Another thought would be that there is no hub-memory below $1000. So HUB starts at $1000 and ends at $1000+512K. Then there would be space for the ROM at $0
But having the same address space shared if aligned or not to 'save' 4 more K for HubExec is - hmm - needs - a lot of explanation, documentation and is not worth it. To say HubExec can not start below $1000 is one sentence.
And I am quite sure that any compiler writer will be more happy with a simpler memory model.
This came up because the ROM gets loaded into $00000..$03FFF on startup and I needed to be able to execute it in place.
I think having these new address rules is not bad, at all. It does not impinge upon anything that existed before, but allows you to execute from the hub in what was cog/LUT-only area, but at offsets that you never would have used in cog/LUT code. In fact, the assembler errors out if you are in cog/LUT mode (ORG, as opposed to ORGH) and try to assemble anything at non-long-aligned addresses. That is within the context of a cog's memory, though, and not the hub's memory.
You can think of it like this: everything is hub-executable, except addresses: %0000000000xxxxxxxxxx00. Is that really so bad? It doesn't affect anything you might do with hub memory. It just means that if the cog's program counter is in the address range %0000000000xxxxxxxxxx00, it get its instruction from its own memory, as oppose to the hub's.
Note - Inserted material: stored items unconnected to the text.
lemma card_through_vertex_le_pairs:
  assumes "admissible r 3 b \<A> \<B>" "finite \<A>"
  shows "3 * card {A \<in> \<A>. u \<in> A \<and> A - {u} \<notin> \<B>} + card {A \<in> \<A>. u \<in> A \<and> A - {u} \<in> \<B>}
    \<le> card {B \<in> \<B>. u \<in> B} choose 2"
proof -
  define \<B>\<^sub>u where "\<B>\<^sub>u = {B \<in> \<B>. u \<in> B}"
  define \<A>\<^sub>2 where "\<A>\<^sub>2 = {A \<in> \<A>. u \<in> A \<and> A - {u} \<in> \<B>}"
  define \<A>\<^sub>3 where "\<A>\<^sub>3 = {A \<in> \<A>. u \<in> A \<and> A - {u} \<notin> \<B>}"
  have fin: "finite \<B>\<^sub>u" "finite \<A>\<^sub>2" "finite \<A>\<^sub>3"
    using admissibleD(1)[OF assms(1)] assms(2) by (simp_all add: \<B>\<^sub>u_def \<A>\<^sub>2_def \<A>\<^sub>3_def)
  have witnesses: "\<exists>C\<subseteq>\<B>\<^sub>u. (\<forall>B\<in>C. B \<subseteq> A) \<and> 2 \<le> card C \<and> (A - {u} \<notin> \<B> \<longrightarrow> card C = 3)"
    if A: "A \<in> \<A>" "u \<in> A" for A
  proof -
    obtain C where C: "C \<subseteq> \<B>" "finite C" "card C = 3" "\<forall>B\<in>C. B \<subseteq> A"
      using admissibleD(5)[OF assms(1) A(1)] by blast
    have "C - {A - {u}} \<subseteq> \<B>\<^sub>u"
      unfolding \<B>\<^sub>u_def by (rule admissible_witnesses_through_vertex[OF assms(1) A C(1,4)])
    moreover have "2 \<le> card (C - {A - {u}})"
      using C(3) by (simp add: card_Diff_singleton_if)
    moreover have "A - {u} \<notin> \<B> \<longrightarrow> C - {A - {u}} = C"
      using C(1) by blast
    ultimately show ?thesis
      using C(3,4) by (intro exI[of _ "C - {A - {u}}"]) auto
  qed
  have "3 \<le> card (pairs_below \<B>\<^sub>u A)" if "A \<in> \<A>\<^sub>3" for A
  proof -
    have "A \<in> \<A>" "u \<in> A" "A - {u} \<notin> \<B>"
      using that unfolding \<A>\<^sub>3_def by auto
    then obtain C where "C \<subseteq> \<B>\<^sub>u" "\<forall>B\<in>C. B \<subseteq> A" "card C = 3"
      using witnesses by (metis (no_types))
    then show ?thesis
      using card_pairs_below_ge[OF fin(1), of C A] by (simp add: choose_two)
  qed
  then have "3 * card \<A>\<^sub>3 \<le> (\<Sum>A\<in>\<A>\<^sub>3. card (pairs_below \<B>\<^sub>u A))"
    using sum_bounded_below[of \<A>\<^sub>3 "3::nat" "\<lambda>A. card (pairs_below \<B>\<^sub>u A)"] by (simp add: mult.commute)
  moreover have "1 \<le> card (pairs_below \<B>\<^sub>u A)" if "A \<in> \<A>\<^sub>2" for A
  proof -
    have "A \<in> \<A>" "u \<in> A"
      using that unfolding \<A>\<^sub>2_def by auto
    then obtain C where "C \<subseteq> \<B>\<^sub>u" "\<forall>B\<in>C. B \<subseteq> A" "2 \<le> card C"
      using witnesses by (metis (no_types))
    then show ?thesis
      using card_pairs_below_ge[OF fin(1), of C A] zero_less_binomial[of 2 "card C"] by linarith
  qed
  then have "card \<A>\<^sub>2 \<le> (\<Sum>A\<in>\<A>\<^sub>2. card (pairs_below \<B>\<^sub>u A))"
    using sum_bounded_below[of \<A>\<^sub>2 "1::nat" "\<lambda>A. card (pairs_below \<B>\<^sub>u A)"] by simp
  moreover have "(\<Sum>A\<in>\<A>\<^sub>3. card (pairs_below \<B>\<^sub>u A)) + (\<Sum>A\<in>\<A>\<^sub>2. card (pairs_below \<B>\<^sub>u A))
      = (\<Sum>A\<in>\<A>\<^sub>3 \<union> \<A>\<^sub>2. card (pairs_below \<B>\<^sub>u A))"
    using fin by (intro sum.union_disjoint[symmetric]) (auto simp: \<A>\<^sub>2_def \<A>\<^sub>3_def)
  moreover have "(\<Sum>A\<in>\<A>\<^sub>3 \<union> \<A>\<^sub>2. card (pairs_below \<B>\<^sub>u A)) \<le> card \<B>\<^sub>u choose 2"
  proof (rule sum_card_pairs_below_le)
    show "\<A>\<^sub>3 \<union> \<A>\<^sub>2 \<subseteq> ksubsets r" "\<B>\<^sub>u \<subseteq> ksubsets (r - 1)"
      using assms(1) unfolding admissible_def \<A>\<^sub>2_def \<A>\<^sub>3_def \<B>\<^sub>u_def by auto
  qed (use fin in auto)
  ultimately show ?thesis
    unfolding \<A>\<^sub>2_def \<A>\<^sub>3_def \<B>\<^sub>u_def by linarith
qed

lemma admissible_card_le_step:
  assumes adm: "admissible r 3 b \<A> \<B>" and "finite \<A>"
    and avoiding: "real (card {A \<in> \<A>. u \<notin> A})
      \<le> choose2_inv (real (card {B \<in> \<B>. u \<notin> B})) gchoose 3"
    and through: "real (card {A \<in> \<A>. u \<in> A \<and> A - {u} \<notin> \<B>})
      \<le> choose2_inv (real (card {B \<in> \<B>. u \<in> B})) gchoose 3"
  shows "real (card \<A>) \<le> choose2_inv (real b) gchoose 3"
proof -
  define \<B>\<^sub>u \<B>\<^sub>n where "\<B>\<^sub>u = {B \<in> \<B>. u \<in> B}" and "\<B>\<^sub>n = {B \<in> \<B>. u \<notin> B}"
  define \<A>\<^sub>1 \<A>\<^sub>2 \<A>\<^sub>3 where "\<A>\<^sub>1 = {A \<in> \<A>. u \<notin> A}"
    and "\<A>\<^sub>2 = {A \<in> \<A>. u \<in> A \<and> A - {u} \<in> \<B>}" and "\<A>\<^sub>3 = {A \<in> \<A>. u \<in> A \<and> A - {u} \<notin> \<B>}"
  have b: "b = card \<B>\<^sub>u + card \<B>\<^sub>n"
    using admissibleD(1,2)[OF adm] card_eq_card_filter_add unfolding \<B>\<^sub>u_def \<B>\<^sub>n_def by blast
  have "card \<A> = card \<A>\<^sub>1 + card {A \<in> \<A>. u \<in> A}"
    using card_eq_card_filter_add[OF \<open>finite \<A>\<close>, of "\<lambda>A. u \<notin> A"] unfolding \<A>\<^sub>1_def by simp
  also have "card {A \<in> \<A>. u \<in> A} = card \<A>\<^sub>2 + card \<A>\<^sub>3"
  proof -
    have "{A \<in> {A \<in> \<A>. u \<in> A}. A - {u} \<in> \<B>} = \<A>\<^sub>2" "{A \<in> {A \<in> \<A>. u \<in> A}. A - {u} \<notin> \<B>} = \<A>\<^sub>3"
      unfolding \<A>\<^sub>2_def \<A>\<^sub>3_def by auto
    then show ?thesis
      using card_eq_card_filter_add[of "{A \<in> \<A>. u \<in> A}" "\<lambda>A. A - {u} \<in> \<B>"] \<open>finite \<A>\<close>
      by simp
  qed
  finally have card_\<A>: "card \<A> = card \<A>\<^sub>1 + card \<A>\<^sub>2 + card \<A>\<^sub>3"
    by simp
  have "card \<A>\<^sub>2 \<le> card \<B>\<^sub>n"
    using admissibleD(1)[OF adm] inj_on_Diff_vertex[of \<A>\<^sub>2 u]
    by (intro card_inj_on_le[where f = "\<lambda>A. A - {u}"]) (auto simp: \<A>\<^sub>2_def \<B>\<^sub>n_def)
  moreover have "3 * card \<A>\<^sub>3 + card \<A>\<^sub>2 \<le> card \<B>\<^sub>u choose 2"
    using card_through_vertex_le_pairs[OF adm \<open>finite \<A>\<close>, of u]
    unfolding \<A>\<^sub>2_def \<A>\<^sub>3_def \<B>\<^sub>u_def .
  then have "3 * real (card \<A>\<^sub>3) + real (card \<A>\<^sub>2) \<le> real (card \<B>\<^sub>u) gchoose 2"
    unfolding binomial_gbinomial[symmetric] by linarith
  ultimately show ?thesis
    using choose2_inv_gchoose_three_split[of "card \<B>\<^sub>u" b "card \<A>\<^sub>3" "card \<A>\<^sub>2"]
      avoiding through b card_\<A>
    unfolding \<A>\<^sub>1_def \<A>\<^sub>3_def \<B>\<^sub>u_def \<B>\<^sub>n_def by simp
qed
Here is what code (initially hub-exec, remember) looks like when it wants to load the cog with executable code immediately following, and then run it:
orgh
<this is the entry point of your hub-exec program>
hcode setq #$1F7 'ready to load $1F8 registers (can be reduced, of course)
rdlong 0,ptrb[ccode - hcode] 'load registers $000..$1F7 (doesn't need to start at 0)
jmp #0 'jump to loaded code in cog RAM
ccode
org
<your cog-exec program goes here>
I can see that we are going to need three ORG instructions:
ORGH - set or switch to hub origin
ORGC - set or switch to cog origin
ORGL - set or switch to LUT origin
Maybe we could just make ORGH into plain old ORG, since hub is the default now.
I was thinking about how addresses above $1000 are hub-exec, while addresses $0..$7FF are cog-exec and $800..$FFF are LUT-exec, and what a pain it is that you can't have hub-executable code below $1000. Then, it dawned on me that cog/LUT-exec could be restricted to long-aligned addresses, only, allowing hub exec to occur on non-long-aligned addresses below $1000. Here's the new way:
My initial reaction was just like the rest of you... No way!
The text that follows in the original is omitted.